New Contest Puts PSoC Boards In The Hands Of 50 Entries

Today marks the beginning of the PSoC IoT design contest. Show us your idea for an interesting Internet-connected thing and we’ll send you a dev kit to actually build it.

With the help of Cypress, Digi-Key, and AWS IoT we’ll be sending out your choice of  PSoC 6 WiFi-BT Pioneer kit or Prototyping Kit to up to 50 entries just for publishing a great idea of something to build with them. As you guessed from the name, these provide WiFi and Bluetooth connectivity, but they’re also bristling with seven programmable analog blocks the PSoC is known for, and a hundred GPIO. They have prototyping add-ons like a 2.4″ screen for user interface, audio, IMU, capacitive touch, and a heap of other goodies.

You have until May 26th to post a project page on Hackaday.io outlining your idea — don’t forget to use that “Submit project to” button to enter it in the contest. Tells us all about the IoT project you want to build and which PSoC 6 board you plan to use. If your idea is picked, we’ll send you the dev board and you’ll have until August to actually build your idea. Grand Prize will receive a $500 prepaid Visa card, two runners up will each receive a $250 card.

Full details are available on the contest page. We know you’ve always wanted to give your fish a Twitter account, to have a dashboard that shows up-to-the minute stats on how much Boo Berry Cereal you have left, a beacon to give you push alerts when the laundry needs to make its way into the dryer, or perhaps you plan to build a new wave of Internet-connect pagers.
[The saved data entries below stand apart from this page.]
(* Let $r,K,\mu$ satisfy Assumption 1, $a>0$ and $c\in\mathbb R$. If $(w,m)\in C^0([-a,a])^2$ is a solution of the localized problem (P$_a$), then $w(x)>0$ and $m(x)>0$ for all $x\in[-a,a)$.
   Context: Assumption 1: $r\in(1,\infty)$, $\mu\in\left(0,\min\left(\frac r2,1-\frac1r,1-K,K\right)\right)$, $K\in\left(0,\min\left(1,\frac{r}{r-1}\left(1-\frac{\mu}{1-\mu}\right)\right)\right)$. $f_w(w,m):=w(1-(w+m))+\mu(m-w)$, $f_m(w,m):=rm\left(1-\frac{w+m}{K}\right)+\mu(w-m)$; $(w^*,m^* )$ is the unique solution in $(0,1)\times(0,K)$ of $f_w=f_m=0$. The localized problem (P$_a$) for given $a>0$, $c\in\mathbb R$: $w,m\in C^0([-a,a])$ satisfy, in the weak (distributional) sense on $(-a,a)$, $-cw'-w''=f_w(w,m)\chi_{w\ge0}\chi_{m\ge0}$, $-cm'-m''=f_m(w,m)\chi_{w\ge0}\chi_{m\ge0}$, with boundary conditions $w(-a)=w^*$, $m(-a)=m^*$, $w(a)=m(a)=0$; here $\chi_{w\ge0}$ denotes the indicator of the set where $w\ge0$. *)

theory Defs
  imports "HOL-Analysis.Analysis"
begin

definition assumption1 :: "real \<Rightarrow> real \<Rightarrow> real \<Rightarrow> bool" where
  "assumption1 r K \<mu> \<longleftrightarrow>
     1 < r \<and>
     0 < \<mu> \<and> \<mu> < min (min (r / 2) (1 - 1 / r)) (min (1 - K) K) \<and>
     0 < K \<and> K < min 1 (r / (r - 1) * (1 - \<mu> / (1 - \<mu>)))"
Whatever it is, from a silly idea to a truly life-improving build, if it’s begging to spread its data far and wide, it’s a perfect idea for this contest.

16 thoughts on “New Contest Puts PSoC Boards In The Hands Of 50 Entries

  1. Ah yes, with PSoC you get:
    * a proprietary programmer bus
    * closed compiler with proprietary graphical IP modules no one can debug
    * cross-bar latch-up silicon that fails closed on ESD to cause serious power faults in your product

    How this company hasn’t burned down already is a testament to the stupidity of US government contractors.

    Is HaD that desperate for marketing cash to shill for this garbage?

    1. And further, I love how the contest requires people to think up new and innovative applications in a field that’s been thoroughly raked over by corporations and individual entrepreneurs alike.

      And the application has to use the cloud in some way. So a measuring device that connects to your home network by WiFi doesn’t count unless the data goes through the cloud (contest mentioning AWS by name) and back to you. A personal device that connects to your cell phone doesn’t count unless the data goes out to the cloud and back.

      Most IoT applications are not worth the extra expense. The ones that are worth the expense – the meagre few of them – are already products.

      I don’t hold out a lot of hope for this contest.

  2. Fascinating bad comments about the product and contest.
    I’ve been using the Cypress BLE modules for some time now and generally like them.
    The IDE (windows) is simple to install and use – and the compiler is GCC. I’m not doing embedded graphics – I’m doing tiny BLE boxes, so I don’t know about the “proprietary graphical IP modules”.
    The PSoC6 splits the proprietary BLE code onto an M0 while leaving an M4 for user code. That way the BLE black box doesn’t keep stepping on the toes of the application program. Nordic also makes such a chip.
    I don’t know of any open source BLE code, although I don’t know if I’m up for tinkering with the BLE stack. Let me know if there is and what chip it runs on. Low power – my devices run for a year on a coin cell. BLE not Wifi.
    The 6 is a little pricey, but not bad. I’m having a hard time understanding the criticism.
    Of course the units I’ve used haven’t had a latch-up due to ESD. If that had happened I might be more critical.

    1. I am generally agnostic about silicon, but cypress should stick to building other products.
      The PSoC series was a mistake no one ever admitted was a problem.
      After our experience, I would still go with a Nordic nRF chip for BLE rather than risk the same BS.

      There are dozen better options around… don’t fall for free cheese kids.

  3. So how much did Cypress chip in for this ad?

    I tried using PSoC chips with some of their development boards because I thought it was a cool concept and liked the idea of having some “schematic capture” design tools for software.

    But their proprietary IDE was the only option for writing code, and that combined with the lack of affordable debuggers made them not worth the headache. Most of the boards I got are still in their boxes and I never got around to making my own PCB for them.

    Uh…good luck to the contest entrants though.

    1. There’s a $10 PSoC 5LP board that comes with a debugger. How cheap do you want? You get a processor, some analog stuff, and a enough programmable logic to do something useful for a few bucks.